Очень рано меня придавили мыслью, что нет никаких шансов на достойное будущее, если я не выиграю стипендию колледжа. Либо получу стипендию, либо с четырнадцати лет стану, как говаривал Самбо, «нищей конторской шушерой». При той моей ситуации не поверить было невозможно. В Киприане само собой разумелось, что, не попав в «хороший» колледж (а таковыми признавались лишь десятка полтора), ты губишь себя навсегда. Взрослым людям не объяснить терзавшее подростка нервное напряжение в ожидании какой-то страшной судьбоносной битвы, а дата боя приближалась – тебе двенадцатый год, уже тринадцатый, и вот уже пошел четырнадцатый, роковой! На протяжении двух лет дня не было, чтобы «экзам» (так назывался у нас конкурсный экзамен) не грыз мне душу. Он неизменно присутствовал в моих молитвах, и если в порции курятины мне доставалась дужка грудной косточки или я находил подкову, или отбивал семь поклонов новой луне, или проскальзывал через калитку, не коснувшись боковых столбиков, – всякая заработанная удача отдавалась «экзаму». Но, странным образом, одновременно мучили припадки неодолимой лени.
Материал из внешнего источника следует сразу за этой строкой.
(* Let $K\ge 1$ and fix an index $j\in\{1,\dots,K\}$. Let $\eta_1\in(0,1]$, $\eta_2\in(0,1]$, $P>0$, $\sigma_b^2>0$, $\sigma_D^2>0$, and for each $k\in\{1,\dots,K\}$ let $h_k,g_k\in\mathbb{C}\setminus\{0\}$ and $v_k\in\mathbb{R}$ with $v_k\ge -\eta_1\eta_2P|h_k|^2$. Define $$a_k=P|h_k|^2+\max\Big\{0,\frac{v_k}{\eta_1}\Big\}+\min\Big\{0,\frac{v_k}{\eta_1\eta_2}\Big\}+\sigma_b^2,$$ $$U_k=\Big(1+\min\Big\{0,\frac{v_k}{\eta_1\eta_2P|h_k|^2}\Big\}\Big)P|h_k|^2+\sigma_b^2 .$$ Fix values $x_k\in[\sigma_b^2,U_k]$ for all $k\neq j$, and for $x_j\in[\sigma_b^2,U_j]$ define $$F_1(x_j)=\Big(\sqrt{\eta_1|g_j|^2(a_j-x_j)\big(1-\tfrac{\sigma_b^2}{x_j}\big)}+\sum_{k\neq j}\sqrt{\eta_1|g_k|^2(a_k-x_k)\big(1-\tfrac{\sigma_b^2}{x_k}\big)}\Big)^2,$$ $$F_2(x_j)=\eta_1|g_j|^2(a_j-x_j)\frac{\sigma_b^2}{x_j}+\sum_{k\neq j}\eta_1|g_k|^2(a_k-x_k)\frac{\sigma_b^2}{x_k}+\sigma_D^2 .$$ Then for every $q\ge 0$ the function $x_j\mapsto F_1(x_j)-qF_2(x_j)$ is concave on $[\sigma_b^2,U_j]$.
   Context: This is the per-coordinate subproblem arising in maximizing the end-to-end SNR of a wireless-powered amplify-and-forward relay network with power splitting: $x_k=\lambda_{k,I}P|h_k|^2+\sigma_b^2$ where $\lambda_{k,I}$ is the power-splitting ratio for information at relay $k$, $v_k$ is the battery energy-level variation, $h_k,g_k$ are source–relay and relay–destination channel gains, $\eta_1$ the energy conversion efficiency, $\eta_2$ the storage efficiency. In the paper the parameter $q$ is a value of the ratio $F_1/F_2$, hence nonnegative. *)

theory Defs
  imports "HOL-Analysis.Analysis"
begin

text \<open>sb2 stands for sigma_b^2 (the relay noise variance), sD2 for sigma_D^2.\<close>

definition a_coef :: "real \<Rightarrow> real \<Rightarrow> real \<Rightarrow> real \<Rightarrow> complex \<Rightarrow> real \<Rightarrow> real" where
  "a_coef eta1 eta2 P sb2 h v =
     P * (cmod h)^2 + max 0 (v / eta1) + min 0 (v / (eta1 * eta2)) + sb2"

definition U_bound :: "real \<Rightarrow> real \<Rightarrow> real \<Rightarrow> real \<Rightarrow> complex \<Rightarrow> real \<Rightarrow> real" where
  "U_bound eta1 eta2 P sb2 h v =
     (1 + min 0 (v / (eta1 * eta2 * P * (cmod h)^2))) * P * (cmod h)^2 + sb2"

end

theory Submission
  imports Defs
begin

text \<open>Writing \<open>s\<close> for \<open>\<sigma>\<^sub>b\<^sup>2\<close>, the \<open>j\<close>-th term \<open>G(t) = c (a - t)(1 - s/t) = c (a + s - t - a s / t)\<close>
  is concave for \<open>t > 0\<close> and nonnegative on \<open>[s, U\<^sub>j]\<close> because \<open>U\<^sub>j \<le> a\<^sub>j\<close>. Hence \<open>\<surd>G\<close> is concave,
  and so is \<open>F\<^sub>1 = (\<surd>G + S)\<^sup>2 = G + 2 S \<surd>G + S\<^sup>2\<close> for the constant \<open>S \<ge> 0\<close>, while
  \<open>c (a - t) s / t = c a s / t - c s\<close> makes \<open>F\<^sub>2\<close> convex in \<open>t\<close>.\<close>

lemma concave_on_cong:
  assumes "S = T" and "\<And>x. x \<in> T \<Longrightarrow> f x = g x"
  shows "concave_on S f \<longleftrightarrow> concave_on T g"
  using assms by (auto simp: concave_on_iff convex_def)

lemma convex_on_cong:
  assumes "S = T" and "\<And>x. x \<in> T \<Longrightarrow> f x = g x"
  shows "convex_on S f \<longleftrightarrow> convex_on T g"
  using assms by (auto simp: convex_on_def convex_def)

lemma sqrt_convex_comb_le:
  fixes u v a b :: real
  assumes "0 \<le> u" "0 \<le> v" "u + v = 1" "0 \<le> a" "0 \<le> b"
  shows "u * sqrt a + v * sqrt b \<le> sqrt (u * a + v * b)"
proof (rule real_le_rsqrt)
  have v: "v = 1 - u" using assms(3) by simp
  have "u * a + v * b - (u * sqrt a + v * sqrt b)\<^sup>2 = u * v * (sqrt a - sqrt b)\<^sup>2"
    using assms unfolding v by (simp add: power2_eq_square algebra_simps)
  also have "\<dots> \<ge> 0" using assms by simp
  finally show "(u * sqrt a + v * sqrt b)\<^sup>2 \<le> u * a + v * b" by simp
qed

lemma concave_on_sqrt_comp:
  fixes f :: "'a::real_vector \<Rightarrow> real"
  assumes "concave_on S f" and "\<And>x. x \<in> S \<Longrightarrow> 0 \<le> f x"
  shows "concave_on S (\<lambda>x. sqrt (f x))"
  unfolding concave_on_iff
proof (intro conjI ballI allI impI)
  show "convex S" using assms(1) by (rule concave_on_imp_convex)
  fix x y u v assume xy: "x \<in> S" "y \<in> S" and uv: "0 \<le> (u::real)" "0 \<le> v" "u + v = 1"
  have "u * sqrt (f x) + v * sqrt (f y) \<le> sqrt (u * f x + v * f y)"
    using uv xy assms(2) by (intro sqrt_convex_comb_le) auto
  also have "\<dots> \<le> sqrt (f (u *\<^sub>R x + v *\<^sub>R y))"
    using assms(1) xy uv by (simp add: concave_on_iff)
  finally show "u * sqrt (f x) + v * sqrt (f y) \<le> sqrt (f (u *\<^sub>R x + v *\<^sub>R y))" .
qed

lemma concave_on_sqrt_add_square:
  fixes f :: "'a::real_vector \<Rightarrow> real"
  assumes "concave_on S f" and "\<And>x. x \<in> S \<Longrightarrow> 0 \<le> f x" and "0 \<le> b"
  shows "concave_on S (\<lambda>x. (sqrt (f x) + b)\<^sup>2)"
proof -
  have "convex S" using assms(1) by (rule concave_on_imp_convex)
  then have concave: "concave_on S (\<lambda>x. f x + 2 * b * sqrt (f x) + b\<^sup>2)"
    using assms by (intro concave_on_add concave_on_cmul concave_on_sqrt_comp)
      (simp_all add: concave_on_const)
  have eq: "f x + 2 * b * sqrt (f x) + b\<^sup>2 = (sqrt (f x) + b)\<^sup>2" if "x \<in> S" for x
    using assms(2)[OF that] by (simp add: power2_sum)
  show ?thesis by (rule iffD1[OF concave_on_cong[OF refl eq] concave])
qed

lemma concave_on_mul_diff_mul_one_minus_div:
  fixes a c s :: real
  assumes "0 \<le> c" and "0 \<le> a * s"
  shows "concave_on {0<..} (\<lambda>t. c * (a - t) * (1 - s / t))"
proof -
  have concave: "concave_on {0<..} (\<lambda>t. c * ((a + s - t) - a * s * inverse t))"
    using assms by (intro concave_on_cmul concave_on_diff convex_on_cmul convex_on_inverse)
      (auto simp: concave_on_const convex_on_ident)
  have eq: "c * ((a + s - t) - a * s * inverse t) = c * (a - t) * (1 - s / t)"
    if "t \<in> {0<..}" for t
    using that by (simp add: field_simps)
  show ?thesis by (rule iffD1[OF concave_on_cong[OF refl eq] concave])
qed

lemma convex_on_mul_diff_mul_div:
  fixes a c s :: real
  assumes "0 \<le> c" and "0 \<le> a * s"
  shows "convex_on {0<..} (\<lambda>t. c * (a - t) * (s / t))"
proof -
  have convex: "convex_on {0<..} (\<lambda>t. c * (a * s) * inverse t + - (c * s))"
    using assms by (intro convex_on_add convex_on_cmul convex_on_inverse) (auto simp: convex_on_const)
  have eq: "c * (a * s) * inverse t + - (c * s) = c * (a - t) * (s / t)"
    if "t \<in> {0<..}" for t
    using that by (simp add: field_simps)
  show ?thesis by (rule iffD1[OF convex_on_cong[OF refl eq] convex])
qed

lemma mul_diff_mul_one_minus_div_nonneg:
  fixes a c s t :: real
  assumes "0 \<le> c" "0 < s" "s \<le> t" "t \<le> a"
  shows "0 \<le> c * (a - t) * (1 - s / t)"
  using assms by simp

lemma U_bound_le_a_coef:
  assumes "P > 0" "h \<noteq> 0" "eta1 > 0" "eta2 > 0"
  shows "U_bound eta1 eta2 P sb2 h v \<le> a_coef eta1 eta2 P sb2 h v"
proof (cases "v \<ge> 0")
  case True
  then show ?thesis using assms by (simp add: U_bound_def a_coef_def)
next
  case False
  have Ph: "P * (cmod h)\<^sup>2 > 0" using assms by simp
  then have "(1 + v / (eta1 * eta2 * P * (cmod h)\<^sup>2)) * P * (cmod h)\<^sup>2
      = P * (cmod h)\<^sup>2 + v / (eta1 * eta2)"
    using assms by (simp add: field_simps)
  moreover have "v / eta1 < 0" "v / (eta1 * eta2) < 0"
    "v / (eta1 * eta2 * P * (cmod h)\<^sup>2) < 0"
    using False assms Ph by (simp_all add: divide_neg_pos mult.assoc)
  ultimately show ?thesis by (simp add: U_bound_def a_coef_def)
qed

lemma le_U_bound:
  assumes "P > 0" "h \<noteq> 0" "eta1 > 0" "eta2 > 0"
    and "v \<ge> - eta1 * eta2 * P * (cmod h)\<^sup>2"
  shows "sb2 \<le> U_bound eta1 eta2 P sb2 h v"
proof -
  have "eta1 * eta2 * P * (cmod h)\<^sup>2 > 0" using assms by simp
  then have "v / (eta1 * eta2 * P * (cmod h)\<^sup>2) \<ge> -1"
    using assms(5) by (simp add: field_simps)
  then show ?thesis using assms by (simp add: U_bound_def)
qed

theorem lemma2:
  fixes K j :: nat and eta1 eta2 P sb2 sD2 q :: real
    and h g :: "nat \<Rightarrow> complex" and v x :: "nat \<Rightarrow> real"
  assumes "K \<ge> 1" and "j \<in> {1..K}"
    and "0 < eta1" "eta1 \<le> 1" "0 < eta2" "eta2 \<le> 1"
    and "P > 0" "sb2 > 0" "sD2 > 0"
    and "\<forall>k\<in>{1..K}. h k \<noteq> 0 \<and> g k \<noteq> 0"
    and "\<forall>k\<in>{1..K}. v k \<ge> - eta1 * eta2 * P * (cmod (h k))^2"
    and "\<forall>k\<in>{1..K} - {j}. sb2 \<le> x k \<and> x k \<le> U_bound eta1 eta2 P sb2 (h k) (v k)"
    and "q \<ge> 0"
  shows "concave_on {sb2 .. U_bound eta1 eta2 P sb2 (h j) (v j)}
    (\<lambda>t. (sqrt (eta1 * (cmod (g j))^2 * (a_coef eta1 eta2 P sb2 (h j) (v j) - t) * (1 - sb2 / t))
           + (\<Sum>k\<in>{1..K} - {j}. sqrt (eta1 * (cmod (g k))^2 * (a_coef eta1 eta2 P sb2 (h k) (v k) - x k) * (1 - sb2 / x k))))^2
         - q * (eta1 * (cmod (g j))^2 * (a_coef eta1 eta2 P sb2 (h j) (v j) - t) * (sb2 / t)
           + (\<Sum>k\<in>{1..K} - {j}. eta1 * (cmod (g k))^2 * (a_coef eta1 eta2 P sb2 (h k) (v k) - x k) * (sb2 / x k))
           + sD2))"
proof -
  let ?U = "\<lambda>k. U_bound eta1 eta2 P sb2 (h k) (v k)"
  let ?a = "\<lambda>k. a_coef eta1 eta2 P sb2 (h k) (v k)"
  let ?c = "\<lambda>k. eta1 * (cmod (g k))^2"
  let ?I = "{sb2 .. ?U j}"
  have U_le_a: "?U k \<le> ?a k" if "k \<in> {1..K}" for k
    using assms that by (intro U_bound_le_a_coef) auto
  have "sb2 \<le> ?U j" using assms by (intro le_U_bound) auto
  with U_le_a[OF \<open>j \<in> {1..K}\<close>] \<open>sb2 > 0\<close> have as_nonneg: "0 \<le> ?a j * sb2" by simp
  have c_nonneg: "0 \<le> ?c j" using \<open>0 < eta1\<close> by simp
  have I_pos: "?I \<subseteq> {0<..}" using \<open>sb2 > 0\<close> by auto
  have G_nonneg: "0 \<le> ?c j * (?a j - t) * (1 - sb2 / t)" if "t \<in> ?I" for t
    using that assms U_le_a[OF \<open>j \<in> {1..K}\<close>] by (intro mul_diff_mul_one_minus_div_nonneg) auto
  have S_nonneg: "0 \<le> (\<Sum>k\<in>{1..K} - {j}. sqrt (?c k * (?a k - x k) * (1 - sb2 / x k)))"
  proof (intro sum_nonneg real_sqrt_ge_zero)
    fix k assume k: "k \<in> {1..K} - {j}"
    then show "0 \<le> ?c k * (?a k - x k) * (1 - sb2 / x k)"
      using assms U_le_a[of k] by (intro mul_diff_mul_one_minus_div_nonneg) force+
  qed
  have "concave_on ?I (\<lambda>t. ?c j * (?a j - t) * (1 - sb2 / t))"
    using concave_on_mul_diff_mul_one_minus_div[OF c_nonneg as_nonneg] I_pos
    by (simp add: concave_on_def convex_on_subset)
  then have F1: "concave_on ?I (\<lambda>t. (sqrt (?c j * (?a j - t) * (1 - sb2 / t))
      + (\<Sum>k\<in>{1..K} - {j}. sqrt (?c k * (?a k - x k) * (1 - sb2 / x k))))\<^sup>2)"
    using G_nonneg S_nonneg by (rule concave_on_sqrt_add_square)
  have "convex_on ?I (\<lambda>t. ?c j * (?a j - t) * (sb2 / t))"
    using convex_on_mul_diff_mul_div[OF c_nonneg as_nonneg] I_pos by (simp add: convex_on_subset)
  then have F2: "convex_on ?I (\<lambda>t. q * (?c j * (?a j - t) * (sb2 / t)
      + (\<Sum>k\<in>{1..K} - {j}. ?c k * (?a k - x k) * (sb2 / x k)) + sD2))"
    using \<open>q \<ge> 0\<close> by (intro convex_on_cmul convex_on_add) (simp_all add: convex_on_const)
  from F1 F2 show ?thesis by (rule concave_on_diff)
qed

end
lemma hensel_sqrt_seq_2:
  assumes "[c = 1] (mod 8)"
  shows "\<exists>W. padic_sqrt_seq 2 c W"
proof -
  have "\<exists>W. \<forall>n. ([(W n) ^ 2 = c] (mod 2 ^ (n + 3)) \<and> odd (W n))
                \<and> [W (Suc n) = W n] (mod 2 ^ (n + 2))"
  proof (rule dependent_nat_choice)
    show "\<exists>x. [x ^ 2 = c] (mod 2 ^ (0 + 3)) \<and> odd x"
      using assms cong_sym by (intro exI[of _ 1]) auto
    fix x n assume "[x ^ 2 = c] (mod 2 ^ (n + 3)) \<and> odd x"
    moreover have "Suc n + 3 = n + 4" by simp
    ultimately show "\<exists>y. ([y ^ 2 = c] (mod 2 ^ (Suc n + 3)) \<and> odd y) \<and> [y = x] (mod 2 ^ (n + 2))"
      using hensel_step_2[of x c n] by metis
  qed
  then obtain W where W: "\<And>n. [(W n) ^ 2 = c] (mod 2 ^ (n + 3))" "\<And>n. [W (Suc n) = W n] (mod 2 ^ (n + 2))"
    by blast
  have "\<And>n k. (2 :: int) ^ n dvd 2 ^ (n + k)" by (simp add: le_imp_power_dvd)
  hence "padic_sqrt_seq 2 c W"
    unfolding padic_sqrt_seq_def using W cong_dvd_modulus dvd_trans cong_iff_dvd_diff by meson
  thus ?thesis by blast
qed

lemma Legendre_cong:
  assumes "[a = b] (mod p)"
  shows "Legendre a p = Legendre b p"
proof -
  have "\<And>c. [c = a] (mod p) \<longleftrightarrow> [c = b] (mod p)"
    using assms cong_sym cong_trans by blast
  thus ?thesis unfolding Legendre_def QuadRes_def by (simp add: cong_sym_eq[of _ 0])
qed

lemma Legendre_mult_square:
  assumes p: "prime p" and k: "\<not> p dvd k"
  shows "Legendre (k ^ 2 * a) p = Legendre a p"
proof -
  have "[k ^ 2 * a = 0] (mod p) \<longleftrightarrow> [a = 0] (mod p)"
    using p k by (simp add: cong_0_iff prime_dvd_mult_iff prime_dvd_power_iff)
  moreover have "QuadRes p (k ^ 2 * a) \<longleftrightarrow> QuadRes p a"
  proof
    assume "QuadRes p (k ^ 2 * a)"
    then obtain y where y: "[y ^ 2 = k ^ 2 * a] (mod p)" by (auto simp: QuadRes_def)
    have "coprime k p" using p k by (metis coprime_commute prime_imp_coprime)
    then obtain i where i: "[k * i = 1] (mod p)" using cong_solve_coprime_int by blast
    have "[(i * y) ^ 2 = i ^ 2 * (k ^ 2 * a)] (mod p)"
      using cong_mult[OF cong_refl y] by (simp add: power_mult_distrib)
    also have "i ^ 2 * (k ^ 2 * a) = (k * i) ^ 2 * a" by (simp add: power_mult_distrib)
    also have "[(k * i) ^ 2 * a = 1 ^ 2 * a] (mod p)" using i by (intro cong_mult cong_pow cong_refl)
    finally show "QuadRes p a" by (auto simp: QuadRes_def)
  next
    assume "QuadRes p a"
    then obtain y where "[y ^ 2 = a] (mod p)" by (auto simp: QuadRes_def)
    hence "[(k * y) ^ 2 = k ^ 2 * a] (mod p)" by (simp add: power_mult_distrib cong_scalar_left)
    thus "QuadRes p (k ^ 2 * a)" by (auto simp: QuadRes_def)
  qed
  ultimately show ?thesis by (simp add: Legendre_def)
qed

lemma odd_square_cong_1_mod_8:
  assumes "odd (m :: int)"
  shows "[m ^ 2 = 1] (mod 8)"
proof -
  obtain j where j: "m = 2 * j + 1" using assms by (metis oddE)
  obtain h where h: "j * (j + 1) = 2 * h" by (metis even_mult_iff even_plus_one_iff evenE)
  have "m ^ 2 - 1 = 8 * h" using h unfolding j by (simp add: algebra_simps power2_eq_square)
  thus ?thesis unfolding cong_iff_dvd_diff by simp
qed

lemma has_Qp_point_2_iff:
  assumes a: "odd a" and b: "multiplicity 2 b = 3"
  shows "has_Qp_point 2 a b \<longleftrightarrow> [a = 1] (mod 8)"
proof
  assume "has_Qp_point 2 a b"
  then obtain m where m: "[m ^ 2 = a] (mod 8)"
    using has_Qp_point_imp_square_cong_const[of 2 b a] b by auto
  have "[m ^ 2 = a] (mod 2)" by (rule cong_dvd_modulus[OF m]) simp
  hence "odd (m ^ 2)" using a by (simp only: cong_def odd_iff_mod_2_eq_one)
  hence "[m ^ 2 = 1] (mod 8)" using odd_square_cong_1_mod_8 by simp
  thus "[a = 1] (mod 8)" using m cong_sym cong_trans by blast
next
  assume "[a = 1] (mod 8)"
  then obtain W where "padic_sqrt_seq 2 a W" using hensel_sqrt_seq_2 by blast
  thus "has_Qp_point 2 a b" using has_Qp_point_of_sqrt_seq[of 2 a b 0] by simp
qed

lemma has_Qp_point_iff_Legendre_const:
  assumes p: "prime p" "odd p" and b: "multiplicity p b = 1" and a: "\<not> p dvd a"
  shows "has_Qp_point p a b \<longleftrightarrow> Legendre a p = 1"
proof
  assume "has_Qp_point p a b"
  then obtain m where "[m ^ 2 = a] (mod p)"
    using has_Qp_point_imp_square_cong_const[OF p(1)] b by fastforce
  thus "Legendre a p = 1" using a Legendre_eq_1_iff by blast
next
  assume "Legendre a p = 1"
  then obtain W where "padic_sqrt_seq p a W" using hensel_sqrt_seq_odd[OF p] by blast
  thus "has_Qp_point p a b" using has_Qp_point_of_sqrt_seq[OF p(1), of a b 0] by simp
qed

lemma has_Qp_point_iff_Legendre_coeff:
  assumes p: "prime p" "odd p" and a: "multiplicity p a = 1" and b: "\<not> p dvd b"
  shows "has_Qp_point p a b \<longleftrightarrow> Legendre b p = 1"
proof
  assume "has_Qp_point p a b"
  then obtain m where "[m ^ 2 = b] (mod p)" using has_Qp_point_imp_square_cong_coeff[OF p(1) a] by blast
  thus "Legendre b p = 1" using b Legendre_eq_1_iff by blast
next
  assume "Legendre b p = 1"
  moreover have "p dvd a" using multiplicity_dvd'[of 1 p a] a by simp
  hence "[a + b * 1 ^ 4 = b] (mod p)" by (simp add: cong_iff_dvd_diff)
  ultimately have "Legendre (a + b * 1 ^ 4) p = 1" by (simp only: Legendre_cong)
  then obtain W where "padic_sqrt_seq p (a + b * 1 ^ 4) W" using hensel_sqrt_seq_odd[OF p] by blast
  thus "has_Qp_point p a b" using has_Qp_point_of_sqrt_seq[OF p(1)] by blast
qed

section \<open>The curves \<open>W^2 = d + 8 e Z^4\<close> with \<open>2 d e\<close> squarefree\<close>

lemma squarefree_mult_prime_dvd_left:
  fixes a b t :: int
  assumes "squarefree (a * b)" "prime t" "t dvd a"
  shows "\<not> t dvd b"
proof
  assume "t dvd b"
  hence "t ^ 2 dvd a * b" using assms(3) by (simp add: power2_eq_square mult_dvd_mono)
  thus False using assms(1,2) by (auto simp: squarefree_def)
qed

lemma squarefree_prime_dvd_multiplicity:
  fixes n t :: int
  assumes "squarefree n" "prime t" "t dvd n"
  shows "multiplicity t n = 1"
proof -
  have "n \<noteq> 0" using assms(1) by auto
  thus ?thesis using assms squarefree_factorial_semiring'[OF \<open>n \<noteq> 0\<close>] in_prime_factors_iff by metis
qed

lemma odd_prime_if_not_dvd_2:
  fixes t :: int
  assumes "prime t" "\<not> t dvd 2"
  shows "odd t"
  using assms prime_odd_int[of t] prime_ge_2_int[of t] by fastforce

lemma has_Qp_point_at_2_iff:
  fixes d e :: int
  assumes sf: "squarefree (2 * d * e)"
  shows "has_Qp_point 2 d (8 * e) \<longleftrightarrow> [d = 1] (mod 8)"
proof (rule has_Qp_point_2_iff)
  have "\<not> 2 dvd d * e" using squarefree_mult_prime_dvd_left[of 2 "d * e" 2] sf by (simp add: mult.assoc)
  moreover have "multiplicity (2 :: int) 8 = 3" using multiplicity_prime_power[of "2 :: int" 3] by simp
  ultimately show "odd d" and "multiplicity 2 (8 * e) = 3"
    using multiplicity_prime_elem_times_other[of 2 e 8] by (simp_all add: mult.commute)
qed

lemma has_Qp_point_at_prime_dvd_coeff_iff:
  fixes d e t :: int
  assumes sf: "squarefree (2 * d * e)" and t: "prime t" "t dvd e"
  shows "has_Qp_point t d (8 * e) \<longleftrightarrow> Legendre d t = 1"
proof (rule has_Qp_point_iff_Legendre_const[OF t(1)])
  have "\<not> t dvd 2 * d" using squarefree_mult_prime_dvd_left[of e "2 * d" t] sf t by (simp add: ac_simps)
  hence t2: "\<not> t dvd 2" and "\<not> t dvd d" using t(1) by (auto simp: prime_dvd_mult_iff)
  thus "\<not> t dvd d" and "odd t" using odd_prime_if_not_dvd_2[OF t(1)] by blast+
  have "multiplicity t e = 1"
    using squarefree_prime_dvd_multiplicity[OF squarefree_multD(2)[of "2 * d" e] t] sf by simp
  moreover have "\<not> t dvd 2 ^ 3" using t2 prime_dvd_power_iff[OF t(1), of 3 2] by simp
  ultimately show "multiplicity t (8 * e) = 1"
    using multiplicity_prime_elem_times_other[OF prime_imp_prime_elem[OF t(1)], of "2 ^ 3" e] by simp
qed

lemma has_Qp_point_at_prime_dvd_const_iff:
  fixes d e l :: int
  assumes sf: "squarefree (2 * d * e)" and l: "prime l" "l dvd d"
  shows "has_Qp_point l d (8 * e) \<longleftrightarrow> Legendre (2 * e) l = 1"
proof -
  have "\<not> l dvd 2 * e" using squarefree_mult_prime_dvd_left[of d "2 * e" l] sf l by (simp add: ac_simps)
  hence l2: "\<not> l dvd 2" and l2e: "\<not> l dvd 2 * e" using l(1) by (auto simp: prime_dvd_mult_iff)
  hence ol: "odd l" using odd_prime_if_not_dvd_2[OF l(1)] by blast
  have "multiplicity l d = 1"
    using squarefree_prime_dvd_multiplicity[OF squarefree_multD(1)[of d "2 * e"] l] sf by (simp add: ac_simps)
  moreover have "\<not> l dvd 2 ^ 2" using l2 prime_dvd_power_iff[OF l(1), of 2 2] by simp
  hence "\<not> l dvd 2 ^ 2 * (2 * e)" using l2e prime_dvd_mult_iff[OF l(1)] by blast
  ultimately have "has_Qp_point l d (2 ^ 2 * (2 * e)) \<longleftrightarrow> Legendre (2 ^ 2 * (2 * e)) l = 1"
    by (rule has_Qp_point_iff_Legendre_coeff[OF l(1) ol])
  thus ?thesis using Legendre_mult_square[OF l(1) l2, of "2 * e"] by simp
qed

theorem lemma2p1:
  fixes p q r d D :: int
  assumes "prime p" "prime q" "odd p" "odd q" "p \<noteq> q"
    and "D = p * q"
    and "r > 0"
    and "squarefree (2 * r * D)"
    and "d dvd r * D"
  shows "(has_Qp_point 2 d (8 * (r * D div d)) \<longleftrightarrow> [d = 1] (mod 8))
    \<and> (\<forall>t::int. prime t \<and> t dvd (r * D div d) \<longrightarrow>
          (has_Qp_point t d (8 * (r * D div d)) \<longleftrightarrow> Legendre d t = 1))
    \<and> (\<forall>l::int. prime l \<and> l dvd d \<longrightarrow>
          (has_Qp_point l d (8 * (r * D div d)) \<longleftrightarrow> Legendre (2 * (r * D div d)) l = 1))"
proof -
  define e where "e = r * D div d"
  have "d * e = r * D" unfolding e_def using assms(9) by simp
  hence sf: "squarefree (2 * d * e)" using assms(8) by (simp add: mult.assoc)
  show ?thesis
    unfolding e_def[symmetric]
    using has_Qp_point_at_2_iff[OF sf] has_Qp_point_at_prime_dvd_coeff_iff[OF sf]
      has_Qp_point_at_prime_dvd_const_iff[OF sf]
    by blast
qed

end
Нахлынет тоска от дальнейших трудов, и вдруг упрешься, тупой как баран, перед простейшим переводом. К тому же я совершенно не мог работать на каникулах. Дабы возможные стипендиаты не расслабились, нас и дома, по почте поощряли заданиями от некоего мистера Бэчлора, обросшего бородой и шевелюрой симпатяги, который носил ворсистые пиджаки и жил где-то в городе в типичном холостяцком логове (по стенам сплошь полки с книгами и все насквозь прокурено). В каникулярное время мистер Бэчлор раз в неделю присылал нам пачки текстов. Но у меня как-то не ладилось. Чистые листы и черный латинский словарь лежали на столе, сознание невыполненного долга отравляло дни отдыха от школы, но никак было не приступить, и к концу каникул я отправлял мистеру Бэчлору всего полсотни-сотню строк. Несомненно, тут способствовала удаленность от Самбо с его тростью. Однако и на школьных занятиях временами я охотно поддавался приступам лености и тупости – мне именно хотелось впасть в немилость, я даже ее добивался невнятной плаксивой строптивостью, всецело сознавая себя грешником, но неспособным или нежелающим (в этом поди-ка разберись) исправиться. Тогда следовал вызов к Самбо или Флип, и отнюдь не для порки.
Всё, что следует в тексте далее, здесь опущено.